Читать книгу Kłamca 4. Kill’em all - Jakub Ćwiek - Страница 6

Dolina

Оглавление

Bycie Oberonem miało swoje plusy. I chyba to właśnie było w tym wszystkim najgorsze.

Gdyby cierpiał, dusił się w swej nowej roli, czuł na plecach śmierdzący cebulą oddech śmierci, Kłamca z pewnością byłby ostrożniejszy. I bardziej stanowczy w działaniach.

Zamiast tego jednak, pod pozorem gromadzenia wiadomości, budowania siatki sojuszników i przygotowywania planów, Loki siedział i pierdział w stołek, czy też raczej w poduszki. Królowi pieprzonych elfów nikt nie podstawiłby zwykłego stołka.

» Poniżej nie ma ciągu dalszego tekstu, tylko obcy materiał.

lemma signed_adjacency_first_True:
  assumes "x \<noteq> []" "x ! 0"
    and "\<And>y. length y = length x \<Longrightarrow> y ! 0 \<Longrightarrow> u y = 0"
  shows "signed_adjacency u x = u (flip 0 x)"
proof -
  obtain m where m: "length x = Suc m"
    using assms(1) by (cases x) auto
  have "u (flip (Suc k) x) = 0" for k
    using assms m by (intro assms(3)) (simp_all add: nth_flip)
  then show ?thesis
    unfolding signed_adjacency_def m sum.lessThan_Suc_shift by (simp add: huang_sign_def)
qed


section \<open>Homogeneous linear systems\<close>

definition linear_functional :: "(('a \<Rightarrow> real) \<Rightarrow> real) \<Rightarrow> bool" where
  "linear_functional \<phi> \<longleftrightarrow>
     (\<forall>u v. \<phi> (\<lambda>x. u x + v x) = \<phi> u + \<phi> v) \<and> (\<forall>c u. \<phi> (\<lambda>x. c * u x) = c * \<phi> u)"

lemma linear_functional_add:
  "linear_functional \<phi> \<Longrightarrow> \<phi> (\<lambda>x. u x + v x) = \<phi> u + \<phi> v"
  unfolding linear_functional_def by blast

lemma linear_functional_scale:
  "linear_functional \<phi> \<Longrightarrow> \<phi> (\<lambda>x. c * u x) = c * \<phi> u"
  unfolding linear_functional_def by blast

lemma linear_functional_add_scaled:
  "linear_functional \<phi> \<Longrightarrow> \<phi> (\<lambda>x. u x + c * v x) = \<phi> u + c * \<phi> v"
  using linear_functional_add[of \<phi> u "\<lambda>x. c * v x"] linear_functional_scale by simp

lemma linear_functional_zero: "linear_functional \<phi> \<Longrightarrow> \<phi> (\<lambda>x. 0) = 0"
  using linear_functional_scale[of \<phi> 0 "\<lambda>x. 0"] by simp

lemma linear_functional_expand:
  assumes "linear_functional \<phi>" "finite V" "\<And>x. x \<notin> V \<Longrightarrow> u x = 0"
  shows "\<phi> u = (\<Sum>v\<in>V. u v * \<phi> (\<lambda>x. if x = v then 1 else 0))"
  using assms(2,3)
proof (induction V arbitrary: u rule: finite_induct)
  case empty
  then have "u = (\<lambda>x. 0)" by auto
  then show ?case using linear_functional_zero[OF assms(1)] by simp
next
  case (insert a V)
  define u' where "u' x = (if x = a then 0 else u x)" for x
  have "u = (\<lambda>x. u' x + u a * (if x = a then 1 else 0))"
    by (auto simp: u'_def)
  then have "\<phi> u = \<phi> u' + u a * \<phi> (\<lambda>x. if x = a then 1 else 0)"
    using linear_functional_add_scaled[OF assms(1)] by metis
  moreover have "\<phi> u' = (\<Sum>v\<in>V. u v * \<phi> (\<lambda>x. if x = v then 1 else 0))"
    using insert by (subst insert.IH) (auto simp: u'_def intro!: sum.cong)
  ultimately show ?case using insert by simp
qed

lemma exists_nonzero_common_zero:
  assumes "finite I" "finite V" "card I < card V"
    and "\<And>i. i \<in> I \<Longrightarrow> linear_functional (\<phi> i)"
  shows "\<exists>u. (\<forall>x. x \<notin> V \<longrightarrow> u x = 0) \<and> (\<exists>v\<in>V. u v \<noteq> 0) \<and> (\<forall>i\<in>I. \<phi> i u = 0)"
  using assms
proof (induction I arbitrary: V \<phi> rule: finite_induct)
  case empty
  then obtain v where "v \<in> V" by fastforce
  then show ?case by (intro exI[of _ "\<lambda>x. if x = v then 1 else 0"]) auto
next
  case (insert i I)
  show ?case
  proof (cases "\<exists>v\<in>V. \<phi> i (\<lambda>x. if x = v then 1 else 0) \<noteq> 0")
    case True
    then obtain v0 where v0: "v0 \<in> V" "\<phi> i (\<lambda>x. if x = v0 then 1 else 0) \<noteq> 0" by blast
    define \<delta> where "\<delta> = (\<lambda>x. if x = v0 then 1 else (0::real))"
    define correct where "correct u = (\<lambda>x. u x - \<phi> i u / \<phi> i \<delta> * \<delta> x)" for u
    have lin_i: "linear_functional (\<phi> i)"
      using insert.prems(3) by simp
    have killed: "\<phi> i (correct u) = 0" for u
      using linear_functional_add_scaled[OF lin_i, of u "- \<phi> i u / \<phi> i \<delta>" \<delta>] v0(2)
      by (simp add: correct_def \<delta>_def)
    have correct_add: "correct (\<lambda>x. u x + v x) = (\<lambda>x. correct u x + correct v x)" for u v
      by (simp add: correct_def linear_functional_add[OF lin_i] fun_eq_iff add_divide_distrib
          distrib_right)
    have correct_scale: "correct (\<lambda>x. c * u x) = (\<lambda>x. c * correct u x)" for c u
      by (simp add: correct_def linear_functional_scale[OF lin_i] fun_eq_iff right_diff_distrib)
    have "linear_functional (\<lambda>u. \<phi> j (correct u))" if "j \<in> I" for j
    proof -
      have lin_j: "linear_functional (\<phi> j)"
        using that insert.prems(3) by simp
      show ?thesis
        unfolding linear_functional_def correct_add correct_scale
        by (simp add: linear_functional_add[OF lin_j] linear_functional_scale[OF lin_j])
    qed
    moreover have "card I < card (V - {v0})"
      using insert.hyps insert.prems(1,2) v0(1) by simp
    ultimately obtain u where u: "\<forall>x. x \<notin> V - {v0} \<longrightarrow> u x = 0" "\<exists>v\<in>V - {v0}. u v \<noteq> 0"
      "\<forall>j\<in>I. \<phi> j (correct u) = 0"
      using insert.IH[of "V - {v0}" "\<lambda>j u. \<phi> j (correct u)"] insert.prems(1) by blast
    show ?thesis
      using u v0(1) killed by (intro exI[of _ "correct u"]) (auto simp: correct_def \<delta>_def)
  next
    case False
    have "card I < card V"
      using insert.hyps insert.prems(2) by simp
    then obtain u where u: "\<forall>x. x \<notin> V \<longrightarrow> u x = 0" "\<exists>v\<in>V. u v \<noteq> 0" "\<forall>j\<in>I. \<phi> j u = 0"
      using insert.IH[of V \<phi>] insert.prems(1,3) by blast
    have "\<phi> i u = 0"
      using linear_functional_expand[of "\<phi> i" V u] insert.prems u(1) False by simp
    with u show ?thesis by auto
  qed
qed

lemma linear_functional_signed_adjacency_shift:
  "linear_functional (\<lambda>u. signed_adjacency u x + c * u x)"
  unfolding linear_functional_def signed_adjacency_def
  by (simp add: sum.distrib sum_distrib_left algebra_simps)


section \<open>An eigenvector supported on a large set\<close>

text \<open>The eigenvectors are \<open>A u + sqrt n u\<close> with \<open>u\<close> supported on the half cube of vertices
  with first coordinate \<open>0\<close>; requiring them to vanish on the complement of \<open>H\<close> imposes fewer
  equations than there are unknowns, and \<open>A u + sqrt n u\<close> takes the value \<open>u v\<close> at the
  vertex obtained by flipping the first coordinate of \<open>v\<close>, so it is not zero.\<close>

lemma exists_eigenvector_supported:
  assumes "H \<subseteq> cube (Suc m)" "card H > 2 ^ m"
  defines "n \<equiv> Suc m"
  shows "\<exists>w. (\<exists>x\<in>H. w x \<noteq> 0) \<and> (\<forall>x. x \<notin> H \<longrightarrow> w x = 0) \<and>
             (\<forall>x\<in>cube n. signed_adjacency w x = sqrt (real n) * w x)"
proof -
  define L where "L = {x \<in> cube n. \<not> x ! 0}"
  define D where "D = cube n - H"
  have "card D = 2 ^ n - card H"
    using assms(1) card_Diff_subset[OF finite_subset[OF assms(1) finite_cube]]
    by (simp add: D_def n_def card_cube)
  moreover have "card H \<le> 2 ^ n"
    using card_mono[OF finite_cube assms(1)] by (simp add: n_def card_cube)
  ultimately have "card D < card L"
    using assms(2) card_cube_first_False[of m] by (simp add: L_def n_def)
  moreover have "finite D" "finite L"
    by (simp_all add: D_def L_def finite_cube)
  ultimately obtain u where u_L: "\<And>x. x \<notin> L \<Longrightarrow> u x = 0" and "\<exists>v\<in>L. u v \<noteq> 0"
    and u_D: "\<And>x. x \<in> D \<Longrightarrow> signed_adjacency u x + sqrt (real n) * u x = 0"
    using exists_nonzero_common_zero[of D L "\<lambda>x u. signed_adjacency u x + sqrt (real n) * u x"]
      linear_functional_signed_adjacency_shift
    by blast
  then obtain v where v: "v \<in> L" "u v \<noteq> 0" by blast
  define w where "w y = signed_adjacency u y + sqrt (real n) * u y" for y
  have w_outside: "w x = 0" if "x \<notin> H" for x
  proof (cases "x \<in> cube n")
    case True
    with that u_D show ?thesis by (simp add: w_def D_def)
  next
    case False
    then show ?thesis by (simp add: w_def signed_adjacency_def u_L L_def)
  qed
  have "w (flip 0 v) = u v"
  proof -
    have v_cube: "v \<in> cube n" "0 < length v" "flip 0 v \<noteq> []" "\<not> v ! 0"
      using v(1) by (auto simp: L_def n_def cube_def simp flip: length_0_conv)
    have "signed_adjacency u (flip 0 v) = u (flip 0 (flip 0 v))"
      by (rule signed_adjacency_first_True) (use v_cube in \<open>auto simp: nth_flip L_def intro: u_L\<close>)
    moreover have "u (flip 0 v) = 0"
      using v_cube by (intro u_L) (simp add: L_def nth_flip)
    ultimately show ?thesis
      by (simp add: w_def)
  qed
  then have "\<exists>x\<in>H. w x \<noteq> 0"
    using v(2) w_outside by metis
  moreover have "\<forall>x\<in>cube n. signed_adjacency w x = sqrt (real n) * w x"
    unfolding w_def by (auto simp: signed_adjacency_shift cube_def)
  ultimately show ?thesis
    using w_outside by blast
qed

Wychylił się i spojrzał na wysypaną piaskiem arenę otoczoną drewnianymi palami, gdzie właśnie trwał krwawy wieczorny pokaz.

– No dalej! Przestańcie łazić w kółko, nie mamy całego dnia! – krzyknął do gladiatorów. – Inni też chcą walczyć!

To nie do końca było prawdą, ale któż by zwracał uwagę na niuanse. Skoro Oberon twierdził, że jego poddani chcą się bawić w krąg śmierci, to taka właśnie była ich wola, niezależnie od tego, co naprawdę sądzili. Loki nazywał to demokracją ukierunkowaną.

„Poza tym to podoba się tym wszystkim nadętym dupkom wkoło – myślał Kłamca, co rusz odrywając wzrok od prowizorycznej areny i przyglądając się elfim lordom i możnowładcom, ich strojom, twarzom, oraz – rzecz jasna – herbom. Te bowiem w szczególności warto było sobie odświeżyć.

Kiedyś, gdy jeszcze z pełnią praw mieszkał na dworze Odyna, Loki mógł z dumą mówić, że zna wszystkie liczące się szlacheckie rody każdego królestwa, które kiedykolwiek odwiedził. Uczył się ich historii, by wiedzieć, jak zdobyły przywileje i komu je zawdzięczają. Aby poznać kierujące nimi ambicje, czytał o zajmowanych stanowiskach, matrymonialnych planach wobec dzieci i pożyczkach udzielanych innym rodom. Pikantne plotki zbierał natomiast dla zabawy. I z przyzwyczajenia.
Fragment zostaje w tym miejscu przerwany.